Records shown

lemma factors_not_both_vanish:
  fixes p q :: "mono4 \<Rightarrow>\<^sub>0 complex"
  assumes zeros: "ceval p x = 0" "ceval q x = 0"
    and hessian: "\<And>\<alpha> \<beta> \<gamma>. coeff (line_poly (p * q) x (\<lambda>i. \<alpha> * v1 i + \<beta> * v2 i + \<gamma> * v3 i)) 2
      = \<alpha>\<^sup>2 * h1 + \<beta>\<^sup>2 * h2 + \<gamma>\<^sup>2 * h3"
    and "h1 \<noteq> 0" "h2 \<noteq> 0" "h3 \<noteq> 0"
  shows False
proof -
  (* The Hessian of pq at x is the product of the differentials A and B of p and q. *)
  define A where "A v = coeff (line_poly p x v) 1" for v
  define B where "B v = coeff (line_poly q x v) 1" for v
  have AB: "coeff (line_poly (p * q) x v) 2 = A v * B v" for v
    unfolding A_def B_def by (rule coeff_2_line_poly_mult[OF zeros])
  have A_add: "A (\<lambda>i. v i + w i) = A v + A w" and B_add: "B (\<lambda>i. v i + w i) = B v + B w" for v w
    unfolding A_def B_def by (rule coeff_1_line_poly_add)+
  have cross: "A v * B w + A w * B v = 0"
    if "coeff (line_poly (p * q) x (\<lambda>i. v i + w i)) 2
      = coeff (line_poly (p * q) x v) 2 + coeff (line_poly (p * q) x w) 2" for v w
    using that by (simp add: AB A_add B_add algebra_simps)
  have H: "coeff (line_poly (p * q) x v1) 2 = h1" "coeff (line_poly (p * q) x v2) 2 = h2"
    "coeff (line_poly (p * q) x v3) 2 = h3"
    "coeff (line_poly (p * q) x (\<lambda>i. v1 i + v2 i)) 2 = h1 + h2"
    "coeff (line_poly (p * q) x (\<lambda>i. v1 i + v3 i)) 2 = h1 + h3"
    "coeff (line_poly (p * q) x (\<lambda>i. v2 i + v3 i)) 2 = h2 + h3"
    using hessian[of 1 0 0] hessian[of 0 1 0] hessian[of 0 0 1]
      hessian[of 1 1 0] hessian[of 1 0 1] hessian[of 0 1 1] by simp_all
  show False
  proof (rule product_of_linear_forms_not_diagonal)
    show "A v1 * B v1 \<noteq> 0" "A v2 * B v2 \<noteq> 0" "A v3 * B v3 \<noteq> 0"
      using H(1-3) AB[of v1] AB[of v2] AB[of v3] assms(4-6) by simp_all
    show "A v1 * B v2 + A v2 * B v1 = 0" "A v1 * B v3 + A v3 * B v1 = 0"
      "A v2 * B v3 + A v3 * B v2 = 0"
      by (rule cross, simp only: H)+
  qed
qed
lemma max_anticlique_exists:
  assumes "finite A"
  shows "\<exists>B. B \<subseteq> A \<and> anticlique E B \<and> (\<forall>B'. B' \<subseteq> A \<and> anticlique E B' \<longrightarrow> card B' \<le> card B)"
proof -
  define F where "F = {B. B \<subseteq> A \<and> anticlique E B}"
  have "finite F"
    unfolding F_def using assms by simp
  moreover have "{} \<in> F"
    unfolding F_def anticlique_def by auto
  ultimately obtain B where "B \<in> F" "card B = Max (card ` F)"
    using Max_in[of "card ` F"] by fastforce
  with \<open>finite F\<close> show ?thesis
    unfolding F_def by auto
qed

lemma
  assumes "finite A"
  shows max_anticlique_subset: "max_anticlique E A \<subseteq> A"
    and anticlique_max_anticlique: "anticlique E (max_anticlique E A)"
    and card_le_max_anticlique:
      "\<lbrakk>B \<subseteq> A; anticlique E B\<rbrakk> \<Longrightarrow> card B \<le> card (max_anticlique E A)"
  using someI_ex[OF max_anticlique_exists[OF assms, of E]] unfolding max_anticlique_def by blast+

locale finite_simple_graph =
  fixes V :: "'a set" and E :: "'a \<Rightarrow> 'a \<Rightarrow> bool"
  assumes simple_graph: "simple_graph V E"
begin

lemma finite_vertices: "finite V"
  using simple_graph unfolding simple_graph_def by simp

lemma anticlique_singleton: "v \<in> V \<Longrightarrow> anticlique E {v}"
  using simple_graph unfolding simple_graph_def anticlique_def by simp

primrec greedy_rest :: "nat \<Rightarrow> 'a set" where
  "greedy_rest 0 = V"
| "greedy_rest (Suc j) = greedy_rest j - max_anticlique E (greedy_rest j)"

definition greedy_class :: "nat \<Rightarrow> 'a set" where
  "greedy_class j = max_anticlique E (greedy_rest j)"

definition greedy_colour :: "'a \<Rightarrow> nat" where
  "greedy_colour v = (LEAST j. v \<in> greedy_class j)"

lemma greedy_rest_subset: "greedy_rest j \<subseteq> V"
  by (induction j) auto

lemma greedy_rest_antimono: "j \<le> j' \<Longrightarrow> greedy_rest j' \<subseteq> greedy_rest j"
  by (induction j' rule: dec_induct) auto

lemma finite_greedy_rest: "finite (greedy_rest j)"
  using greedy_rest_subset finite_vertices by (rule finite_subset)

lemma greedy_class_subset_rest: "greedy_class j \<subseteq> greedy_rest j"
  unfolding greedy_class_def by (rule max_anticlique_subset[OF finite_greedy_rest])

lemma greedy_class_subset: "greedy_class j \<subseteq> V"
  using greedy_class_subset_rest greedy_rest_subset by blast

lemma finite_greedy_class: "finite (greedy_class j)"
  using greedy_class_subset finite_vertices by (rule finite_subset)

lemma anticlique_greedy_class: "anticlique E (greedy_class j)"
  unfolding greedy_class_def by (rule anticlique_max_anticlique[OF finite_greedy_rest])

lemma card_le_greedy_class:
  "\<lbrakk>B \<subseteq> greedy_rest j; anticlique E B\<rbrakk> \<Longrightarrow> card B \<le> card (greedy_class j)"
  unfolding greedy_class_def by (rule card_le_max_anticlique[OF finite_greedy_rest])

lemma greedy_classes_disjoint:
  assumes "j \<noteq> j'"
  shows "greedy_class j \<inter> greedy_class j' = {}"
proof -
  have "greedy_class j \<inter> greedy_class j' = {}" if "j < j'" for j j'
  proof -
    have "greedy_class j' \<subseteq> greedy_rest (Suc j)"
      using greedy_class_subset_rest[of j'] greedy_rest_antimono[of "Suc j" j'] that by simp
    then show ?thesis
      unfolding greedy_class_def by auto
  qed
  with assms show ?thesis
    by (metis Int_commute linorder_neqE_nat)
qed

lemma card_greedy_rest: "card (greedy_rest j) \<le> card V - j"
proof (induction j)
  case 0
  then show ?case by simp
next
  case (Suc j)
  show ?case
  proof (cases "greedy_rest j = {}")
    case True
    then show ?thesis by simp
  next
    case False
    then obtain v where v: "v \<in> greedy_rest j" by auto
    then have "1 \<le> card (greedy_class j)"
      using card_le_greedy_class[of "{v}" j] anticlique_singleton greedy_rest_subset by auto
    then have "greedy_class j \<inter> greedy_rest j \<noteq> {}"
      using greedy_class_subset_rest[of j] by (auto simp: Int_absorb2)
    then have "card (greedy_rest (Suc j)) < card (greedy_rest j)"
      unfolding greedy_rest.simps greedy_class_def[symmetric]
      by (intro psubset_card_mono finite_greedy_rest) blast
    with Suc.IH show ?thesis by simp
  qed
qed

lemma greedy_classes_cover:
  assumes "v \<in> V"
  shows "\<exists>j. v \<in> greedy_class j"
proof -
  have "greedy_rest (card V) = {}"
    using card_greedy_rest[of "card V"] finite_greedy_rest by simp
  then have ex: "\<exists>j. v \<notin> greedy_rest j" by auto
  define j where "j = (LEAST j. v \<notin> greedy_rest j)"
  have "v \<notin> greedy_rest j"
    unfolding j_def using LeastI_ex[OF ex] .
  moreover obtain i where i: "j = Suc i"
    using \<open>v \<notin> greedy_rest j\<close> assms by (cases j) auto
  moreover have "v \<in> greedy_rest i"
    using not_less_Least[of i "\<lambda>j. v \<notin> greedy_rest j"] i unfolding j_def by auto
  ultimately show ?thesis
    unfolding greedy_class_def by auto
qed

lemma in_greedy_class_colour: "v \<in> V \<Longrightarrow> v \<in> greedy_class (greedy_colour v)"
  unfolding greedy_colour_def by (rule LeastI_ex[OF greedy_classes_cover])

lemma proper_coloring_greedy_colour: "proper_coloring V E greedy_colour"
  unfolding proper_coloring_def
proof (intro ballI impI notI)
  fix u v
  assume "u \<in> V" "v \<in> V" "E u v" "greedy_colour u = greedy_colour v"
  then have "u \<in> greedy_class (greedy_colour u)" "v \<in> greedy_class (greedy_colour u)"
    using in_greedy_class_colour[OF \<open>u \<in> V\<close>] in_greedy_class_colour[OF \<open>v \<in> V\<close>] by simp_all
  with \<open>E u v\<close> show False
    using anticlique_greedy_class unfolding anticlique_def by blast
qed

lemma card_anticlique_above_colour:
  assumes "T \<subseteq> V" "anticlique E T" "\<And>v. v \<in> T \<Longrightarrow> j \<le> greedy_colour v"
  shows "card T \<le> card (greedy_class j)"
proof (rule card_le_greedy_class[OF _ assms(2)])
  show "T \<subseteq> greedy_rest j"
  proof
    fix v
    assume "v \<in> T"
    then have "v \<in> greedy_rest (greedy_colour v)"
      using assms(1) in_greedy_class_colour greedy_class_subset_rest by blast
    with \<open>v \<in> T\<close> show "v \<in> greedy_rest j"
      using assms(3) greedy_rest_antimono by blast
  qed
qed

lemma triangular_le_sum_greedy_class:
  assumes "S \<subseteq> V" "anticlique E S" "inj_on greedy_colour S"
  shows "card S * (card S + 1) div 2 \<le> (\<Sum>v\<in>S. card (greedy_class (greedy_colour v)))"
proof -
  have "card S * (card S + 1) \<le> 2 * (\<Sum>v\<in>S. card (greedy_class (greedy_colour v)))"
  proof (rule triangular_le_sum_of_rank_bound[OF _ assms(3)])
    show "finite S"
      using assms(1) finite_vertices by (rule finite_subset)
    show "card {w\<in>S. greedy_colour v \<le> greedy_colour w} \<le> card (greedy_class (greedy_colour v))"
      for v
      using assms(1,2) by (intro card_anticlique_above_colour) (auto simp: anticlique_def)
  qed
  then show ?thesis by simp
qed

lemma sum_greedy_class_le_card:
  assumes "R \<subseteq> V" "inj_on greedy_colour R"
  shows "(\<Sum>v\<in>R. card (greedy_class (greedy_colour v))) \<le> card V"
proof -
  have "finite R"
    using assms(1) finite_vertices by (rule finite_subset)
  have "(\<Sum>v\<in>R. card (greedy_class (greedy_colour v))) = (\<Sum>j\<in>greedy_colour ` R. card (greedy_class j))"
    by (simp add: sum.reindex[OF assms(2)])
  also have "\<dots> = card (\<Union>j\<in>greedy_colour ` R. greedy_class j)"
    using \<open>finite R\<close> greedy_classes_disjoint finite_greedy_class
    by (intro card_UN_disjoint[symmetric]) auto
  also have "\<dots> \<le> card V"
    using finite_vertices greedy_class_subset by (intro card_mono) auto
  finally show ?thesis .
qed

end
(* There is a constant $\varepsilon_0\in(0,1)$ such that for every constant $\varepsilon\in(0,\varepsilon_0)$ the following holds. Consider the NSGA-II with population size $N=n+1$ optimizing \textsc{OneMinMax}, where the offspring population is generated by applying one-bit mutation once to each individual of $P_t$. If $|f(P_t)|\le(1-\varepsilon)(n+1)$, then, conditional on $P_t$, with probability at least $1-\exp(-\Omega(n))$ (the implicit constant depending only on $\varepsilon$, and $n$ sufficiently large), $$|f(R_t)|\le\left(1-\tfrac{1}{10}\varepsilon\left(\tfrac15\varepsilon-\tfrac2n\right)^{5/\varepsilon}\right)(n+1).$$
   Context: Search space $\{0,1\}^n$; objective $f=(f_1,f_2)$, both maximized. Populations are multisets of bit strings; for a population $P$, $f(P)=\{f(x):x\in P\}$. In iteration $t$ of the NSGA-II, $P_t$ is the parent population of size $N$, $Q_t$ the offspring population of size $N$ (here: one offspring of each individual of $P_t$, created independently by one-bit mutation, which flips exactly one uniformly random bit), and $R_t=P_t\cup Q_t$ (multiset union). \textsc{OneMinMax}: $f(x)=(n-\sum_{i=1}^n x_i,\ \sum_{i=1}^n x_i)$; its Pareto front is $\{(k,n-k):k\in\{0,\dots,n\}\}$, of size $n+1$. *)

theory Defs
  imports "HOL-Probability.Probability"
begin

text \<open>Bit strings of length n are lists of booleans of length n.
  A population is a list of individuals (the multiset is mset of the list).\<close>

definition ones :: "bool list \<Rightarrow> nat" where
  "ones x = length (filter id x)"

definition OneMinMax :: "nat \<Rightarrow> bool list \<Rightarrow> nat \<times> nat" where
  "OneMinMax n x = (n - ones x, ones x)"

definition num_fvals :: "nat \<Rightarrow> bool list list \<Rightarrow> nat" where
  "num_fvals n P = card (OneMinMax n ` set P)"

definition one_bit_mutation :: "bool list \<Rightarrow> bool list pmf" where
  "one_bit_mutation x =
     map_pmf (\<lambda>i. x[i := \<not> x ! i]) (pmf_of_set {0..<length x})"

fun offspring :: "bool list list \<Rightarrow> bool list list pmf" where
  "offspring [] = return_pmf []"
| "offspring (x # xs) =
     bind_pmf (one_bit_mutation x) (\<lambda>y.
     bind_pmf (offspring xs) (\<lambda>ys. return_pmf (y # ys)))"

About this task
From the line containing "ultimately obtain B" down to the line containing "E A \<subseteq>" in the material above, reproduce every line exactly, including the two end lines.

Solution
  ultimately obtain B where "B \<in> F" "card B = Max (card ` F)"
    using Max_in[of "card ` F"] by fastforce
  with \<open>finite F\<close> show ?thesis
    unfolding F_def by auto
qed

lemma
  assumes "finite A"
  shows max_anticlique_subset: "max_anticlique E A \<subseteq> A"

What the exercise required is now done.